I had huge trama in my heart, and head. I needed the medicine to normalize me. Until I could fully trust God. I am going to take it until God tells me to stop, and my dr tells me to stop. Everyone is different, everyone has different issues. So some people may need something extra. It sometimes takes years to get healed. Because yes God can heal all, but he needs you to want it, and to seek it. And sometimes it takes people alot longer to want and seek it.

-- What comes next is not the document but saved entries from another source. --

lemma bij_betw_cycle_label: "bij_betw (cycle_label i0 k) {..<cycle_length} {l. on_cycle i0 k l}"
proof (rule bij_betw_imageI)
  show "inj_on (cycle_label i0 k) {..<cycle_length}"
    unfolding inj_on_def cycle_label_def using cycle_paths by (auto split: if_splits)
  show "cycle_label i0 k ` {..<cycle_length} = {l. on_cycle i0 k l}"
  proof (intro equalityI subsetI)
    fix l assume "l \<in> {l. on_cycle i0 k l}"
    then have "on_cycle i0 k l" by simp
    then show "l \<in> cycle_label i0 k ` {..<cycle_length}"
    proof (cases rule: on_cycle_E)
      case (1 j)
      then show ?thesis by (intro image_eqI[of _ _ j]) (auto simp: cycle_label_def)
    next
      case (2 j)
      then show ?thesis
        by (intro image_eqI[of _ _ "qs ! i0 + (qs ! k - 1 - j)"]) (auto simp: cycle_label_def)
    qed
  qed (use cycle_paths in \<open>auto simp: cycle_label_def on_cycle_Suc\<close>)
qed

lemma cycle_succ_cycle_label:
  assumes "j < cycle_length"
  shows "cycle_succ i0 k (cycle_label i0 k j) = cycle_label i0 k (Suc j mod cycle_length)"
proof -
  have "Suc j mod cycle_length = (if Suc j = cycle_length then 0 else Suc j)" using assms by simp
  then show ?thesis
    using assms cycle_paths path_length_ge_2[of i0] path_length_ge_2[of k]
    unfolding cycle_succ_def cycle_label_def by auto
qed

lemma cycle_levels:
  assumes "U \<subseteq> labels" and same: "\<And>u u'. u \<in> U \<Longrightarrow> u' \<in> U \<Longrightarrow> cycle_key i0 k u = cycle_key i0 k u'"
  shows "\<exists>S. is_kernel U (label_arcs (cycle_key i0 k) (cycle_tie i0 k)) S"
proof (cases "\<forall>u\<in>U. on_cycle i0 k u")
  case True
  let ?c = "cycle_label i0 k" and ?n = cycle_length
  have bij: "bij_betw ?c {..<?n} {l. on_cycle i0 k l}" by (rule bij_betw_cycle_label)
  have "(?c i, ?c j) \<in> label_arcs (cycle_key i0 k) (cycle_tie i0 k) \<longleftrightarrow> j = Suc i mod ?n"
    if "i < ?n" "j < ?n" for i j
  proof -
    have on: "on_cycle i0 k (?c i)" "on_cycle i0 k (?c j)"
      using that bij bij_betwE by fastforce+
    have inj: "inj_on ?c {..<?n}" using bij by (simp add: bij_betw_def)
    have succ: "Suc i mod ?n < ?n" "Suc i mod ?n \<noteq> i"
      using that cycle_paths path_length_ge_2[of i0] by (simp_all add: mod_Suc)
    then have "?c (Suc i mod ?n) \<noteq> ?c i" using that by (simp add: inj_on_eq_iff[OF inj])
    then have "(?c i, ?c j) \<in> label_arcs (cycle_key i0 k) (cycle_tie i0 k) \<longleftrightarrow> ?c j = ?c (Suc i mod ?n)"
      using on adjacent_succ[OF on(1)] on_cycle_succ[OF on(1)] cycle_succ_cycle_label[OF that(1)]
      unfolding label_arcs_def arc_def cycle_tie_def cycle_key_def on_cycle_def by auto
    also have "\<dots> \<longleftrightarrow> j = Suc i mod ?n" using that succ by (simp add: inj_on_eq_iff[OF inj])
    finally show ?thesis .
  qed
  moreover have "even ?n" using even_path_length cycle_paths by simp
  moreover have "U \<subseteq> ?c ` {..<?n}" using True bij by (auto simp: bij_betw_def)
  ultimately show ?thesis using even_cycle_kernel bij by (metis bij_betw_def)
next
  case False
  then obtain u where u: "u \<in> U" "\<not> on_cycle i0 k u" by blast
  have "u' = u" if "u' \<in> U" for u'
    using same[OF that u(1)] u(2) unfolding cycle_key_def by (auto split: if_splits)
  then have "U = {u}" using u(1) by blast
  moreover have "is_kernel {u} (label_arcs (cycle_key i0 k) (cycle_tie i0 k)) {u}"
    unfolding is_kernel_def label_arcs_def arc_def by simp
  ultimately show ?thesis by blast
qed

abbreviation "cycle_arc \<equiv> arc (cycle_key i0 k) (cycle_tie i0 k)"
abbreviation "cycle_out \<equiv> out_labels (cycle_key i0 k) (cycle_tie i0 k)"
lemma eigenfunction_eq_two_sided_exp:
  fixes \<phi> \<phi>' \<phi>'' :: "real \<Rightarrow> complex" and k lam :: complex
  assumes left: "W22_on {..<0} \<phi> \<phi>' \<phi>''" and right: "W22_on {0<..} \<phi> \<phi>' \<phi>''"
    and ae: "AE x in lebesgue. x \<noteq> 0 \<longrightarrow> - \<phi>'' x = lam * \<phi> x"
    and k: "lam = - k\<^sup>2" "0 \<le> Re k"
  obtains A B where "\<And>x. x \<noteq> 0 \<Longrightarrow> \<phi> x = two_sided_exp A k B (- k) x"
    and "\<And>x. x \<noteq> 0 \<Longrightarrow> \<phi>' x = two_sided_exp (k * A) k (- k * B) (- k) x"
proof -
  have ae_S: "AE x in lebesgue. x \<in> S \<longrightarrow> \<phi>'' x = c\<^sup>2 * \<phi> x" if "0 \<notin> S" "c\<^sup>2 = k\<^sup>2" for S c
    using ae by eventually_elim (use that k in \<open>auto simp: minus_equation_iff\<close>)
  obtain B where B: "\<And>x. x > 0 \<Longrightarrow> \<phi> x = B * exp (- k * of_real x)"
    and B': "\<And>x. x > 0 \<Longrightarrow> \<phi>' x = - k * \<phi> x"
  proof (rule W22_on_solution_decaying_exp[OF right open_greaterThan convex_real_interval(3)])
    show "\<exists>a. {a..a + L} \<subseteq> {0<..}" for L :: real
      by (intro exI[of _ 1]) auto
    show "1 \<le> norm (exp (k * of_real x))" if "x \<in> {0<..}" for x
      using that k(2) by simp
  qed (use ae_S[of "{0<..}" k] in auto)
  obtain A where A: "\<And>x. x < 0 \<Longrightarrow> \<phi> x = A * exp (k * of_real x)"
    and A': "\<And>x. x < 0 \<Longrightarrow> \<phi>' x = k * \<phi> x"
  proof (rule W22_on_solution_decaying_exp[OF left open_lessThan convex_real_interval(4), of "- k"])
    show "\<exists>a. {a..a + L} \<subseteq> {..<0}" for L :: real
      by (intro exI[of _ "- L - 1"]) auto
    show "1 \<le> norm (exp (- k * of_real x))" if "x \<in> {..<0}" for x
      using that k(2) by (simp add: mult_nonneg_nonpos)
  qed (use ae_S[of "{..<0}" "- k"] in auto)
  show ?thesis
    by (rule that[of A B]) (auto simp: two_sided_exp_def A A' B B' mult.assoc)
qed
(* Let $\epsilon,\delta\ge0$ be constants. Suppose that for every $n\ge3$ and every $\frac12$-cyclic point $x\in\mathbb{R}^{E_n}$, the vector $y$ defined by $y_e=\frac32-\epsilon$ for $e\in W_x$, $y_e=\frac34-\delta$ for $e\in H_x$, and $y_e=0$ for $e\notin E_x$ belongs to $\mathrm{TSP}(K_n)$. Then for every $n\ge3$ and every $\frac23$-uniform point $z\in\mathbb{R}^{E_n}$, we have $(\frac32-\frac\epsilon2-\delta)\,z\in\mathrm{TSP}(K_n)$.
   Context: $K_n$ is the complete graph on $V_n=\{1,\dots,n\}$ with edge set $E_n$; $\delta(U)$ denotes the set of edges with exactly one endpoint in $U$. $\mathrm{SUBT}(K_n)=\{x\in[0,1]^{E_n}: x(\delta(\{i\}))=2\ \forall i,\ x(\delta(U))\ge2\ \forall\,\emptyset\ne U\subsetneq V_n\}$. A tour of $K_n$ is a connected, spanning, Eulerian multigraph on $V_n$ with edges (possibly repeated) from $E_n$; $\mathrm{TSP}(K_n)$ is the convex hull of multiplicity vectors of tours. $G_x=(V_n,E_x)$, $E_x=\{e:x_e>0\}$. For $0<\theta\le\frac12$, a $\theta$-cyclic point is $x\in\mathrm{SUBT}(K_n)\cap\{0,\theta,1-\theta,1\}^{E_n}$ such that $G_x$ has maximum degree at most 3 and every vertex is incident to an edge $e$ with $x_e=1$; $W_x=\{e:x_e=1\}$, $H_x=\{e\in E_x:x_e<1\}$. A $\frac23$-uniform point is an $x\in\mathrm{SUBT}(K_n)$ with $x_e\in\{0,\frac23\}$ for all $e$. *)

theory Defs
  imports Complex_Main
begin

(* Vertices of K_n: V_n = {1..n}; edges: 2-element subsets of V_n.
   Vectors in R^{E_n} are functions  nat set => real  vanishing outside E_n. *)

definition V :: "nat \<Rightarrow> nat set" where
  "V n = {1..n}"

definition E :: "nat \<Rightarrow> nat set set" where
  "E n = {e. e \<subseteq> V n \<and> card e = 2}"

definition cut :: "nat \<Rightarrow> nat set \<Rightarrow> nat set set" where
  "cut n U = {e \<in> E n. card (e \<inter> U) = 1}"

definition SUBT :: "nat \<Rightarrow> (nat set \<Rightarrow> real) set" where
  "SUBT n = {x. (\<forall>e. e \<notin> E n \<longrightarrow> x e = 0)
              \<and> (\<forall>e \<in> E n. 0 \<le> x e \<and> x e \<le> 1)
              \<and> (\<forall>i \<in> V n. sum x (cut n {i}) = 2)
              \<and> (\<forall>U. U \<noteq> {} \<and> U \<subset> V n \<longrightarrow> sum x (cut n U) \<ge> 2)}"

(* A tour: multiplicity vector m on E_n (a multigraph) that is connected,
   spanning (on V_n) and Eulerian (every vertex has even degree). *)
definition adj :: "nat \<Rightarrow> (nat set \<Rightarrow> nat) \<Rightarrow> (nat \<times> nat) set" where
  "adj n m = {(u, v). {u, v} \<in> E n \<and> m {u, v} > 0}"

definition is_tour :: "nat \<Rightarrow> (nat set \<Rightarrow> nat) \<Rightarrow> bool" where
  "is_tour n m \<longleftrightarrow> (\<forall>e. e \<notin> E n \<longrightarrow> m e = 0)
     \<and> (\<forall>u \<in> V n. \<forall>v \<in> V n. (u, v) \<in> (adj n m)\<^sup>*)
     \<and> (\<forall>i \<in> V n. even (\<Sum>e \<in> cut n {i}. m e))"

definition TSP :: "nat \<Rightarrow> (nat set \<Rightarrow> real) set" where
  "TSP n = {y. \<exists>k (c :: nat \<Rightarrow> real) (t :: nat \<Rightarrow> nat set \<Rightarrow> nat).
               (\<forall>i < k. 0 \<le> c i \<and> is_tour n (t i))
             \<and> (\<Sum>i<k. c i) = 1
             \<and> (\<forall>e. y e = (\<Sum>i<k. c i * real (t i e)))}"

definition cyclic_point :: "real \<Rightarrow> nat \<Rightarrow> (nat set \<Rightarrow> real) \<Rightarrow> bool" where
  "cyclic_point \<theta> n x \<longleftrightarrow> x \<in> SUBT n
     \<and> (\<forall>e \<in> E n. x e \<in> {0, \<theta>, 1 - \<theta>, 1})
     \<and> (\<forall>i \<in> V n. card {e \<in> cut n {i}. x e > 0} \<le> 3)
     \<and> (\<forall>i \<in> V n. \<exists>e \<in> cut n {i}. x e = 1)"

definition two_thirds_uniform :: "nat \<Rightarrow> (nat set \<Rightarrow> real) \<Rightarrow> bool" where
  "two_thirds_uniform n z \<longleftrightarrow> z \<in> SUBT n \<and> (\<forall>e \<in> E n. z e \<in> {0, 2/3})"

end

theory Submission
  imports Defs
begin

text \<open>
  The support of a \<open>2/3\<close>-uniform point \<open>z\<close> is a cubic graph on which \<open>z / 2\<close> satisfies
  Edmonds' description of the perfect matching polytope, so \<open>z / 2\<close> is a convex combination of
  perfect matchings \<open>M\<close>. The point that is \<open>1\<close> on \<open>M\<close> and \<open>1/2\<close> on the other support edges is
  \<open>1/2\<close>-cyclic, so the hypothesis puts the associated vector \<open>y\<^sub>M\<close> into \<open>TSP(K\<^sub>n)\<close>; averaging
  the \<open>y\<^sub>M\<close> with the same weights gives \<open>(3/2 - \<epsilon>/2 - \<delta>) z\<close>, because each support edge lies in
  \<open>M\<close> with probability \<open>1/3\<close>.

  Edmonds' theorem is proved for multigraphs by induction on the number of vertices and edges.
  A zero edge is deleted. Across a tight non-trivial odd cut both sides are shrunk to a vertex,
  and the two distributions of perfect matchings given by induction are coupled through the
  unique cut edge of each matching. Otherwise the point is moved both ways along a nonzero
  vector of the kernel of the incidence map until it becomes degenerate, and it is the convex
  combination of the two degenerate points.
\<close>

definition multigraph :: "'v set \<Rightarrow> 'e set \<Rightarrow> ('e \<Rightarrow> 'v set) \<Rightarrow> bool" where
  "multigraph VV EE ends \<longleftrightarrow>
     finite VV \<and> finite EE \<and> (\<forall>e\<in>EE. ends e \<subseteq> VV \<and> card (ends e) = 2)"

definition incident :: "'e set \<Rightarrow> ('e \<Rightarrow> 'v set) \<Rightarrow> 'v \<Rightarrow> 'e set" where
  "incident EE ends v = {e\<in>EE. v \<in> ends e}"

definition boundary :: "'e set \<Rightarrow> ('e \<Rightarrow> 'v set) \<Rightarrow> 'v set \<Rightarrow> 'e set" where
  "boundary EE ends U = {e\<in>EE. card (ends e \<inter> U) = 1}"

lemma multigraph_finite:
  assumes "multigraph VV EE ends"
  shows multigraph_finite_vertices: "finite VV" and multigraph_finite_edges: "finite EE"
  using assms unfolding multigraph_def by auto

lemma multigraph_edgeE:
  assumes "multigraph VV EE ends" "e \<in> EE"
  obtains a b where "ends e = {a, b}" "a \<noteq> b" "a \<in> VV" "b \<in> VV"
  using assms unfolding multigraph_def card_2_iff by (metis insert_subset)

lemma multigraph_card_ends: "multigraph VV EE ends \<Longrightarrow> e \<in> EE \<Longrightarrow> card (ends e) = 2"
  unfolding multigraph_def by auto

lemma multigraph_ends_subset: "multigraph VV EE ends \<Longrightarrow> e \<in> EE \<Longrightarrow> ends e \<subseteq> VV"
  unfolding multigraph_def by auto

lemma multigraph_subgraph:
  "multigraph VV EE ends \<Longrightarrow> VV' \<subseteq> VV \<Longrightarrow> EE' \<subseteq> EE \<Longrightarrow> \<forall>e\<in>EE'. ends e \<subseteq> VV'
    \<Longrightarrow> multigraph VV' EE' ends"
  unfolding multigraph_def by (auto intro: finite_subset)

lemma finite_incident: "finite EE \<Longrightarrow> finite (incident EE ends v)"
  unfolding incident_def by simp

lemma finite_boundary: "finite EE \<Longrightarrow> finite (boundary EE ends U)"
  unfolding boundary_def by simp

lemma incident_Diff: "incident (EE - A) ends v = incident EE ends v - A"
  unfolding incident_def by auto

lemma boundary_Diff: "boundary (EE - A) ends U = boundary EE ends U - A"
  unfolding boundary_def by auto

Anti depressants are a help. Sometimes there are just people that have embalances in thier brain or something. And a pill once a day evens it out. Or there is a scizophrenic person, that needs that medicine to survive everyday. People should not bash people or judge because of something people do. That is between them and God. This world is cruel, and there are always going to be horrible stuff out there happening. So we need these things to help. It's like saying, well we don't need this "christian self help book" we just need to cry out to God. Trust God. Well yes cry out and trust him. But God uses these things for stepping stones. Some people don't have enough faith, or trust to fully surrender to God. Think about it. Some people have been so hurt, abused, broken. Why would they want to trust another person, or even a God they cannot see? It takes a long time. Lots of therapy, maybe some mood stablizers. Etc. I have a accountability partner. She was on anxiety pills for years. A couple years ago, after many therapy, support groups, praying, reading the bible, trusting God, following God. She finally was able to get off the medicine. But if she didn't have that medicine for those years, she wouldn't of gotten to where she was.
When your depressed you don't want to eat, you don't want to sleep. Your impulsive, irratible. Etc. The medicine helps ease those things. If the depressed person didn't have that, they would have a hard time getting motivated to read thier bible, pray, etc etc. Because to a depressed person, every little task is like a mountain. I know this because I lived it.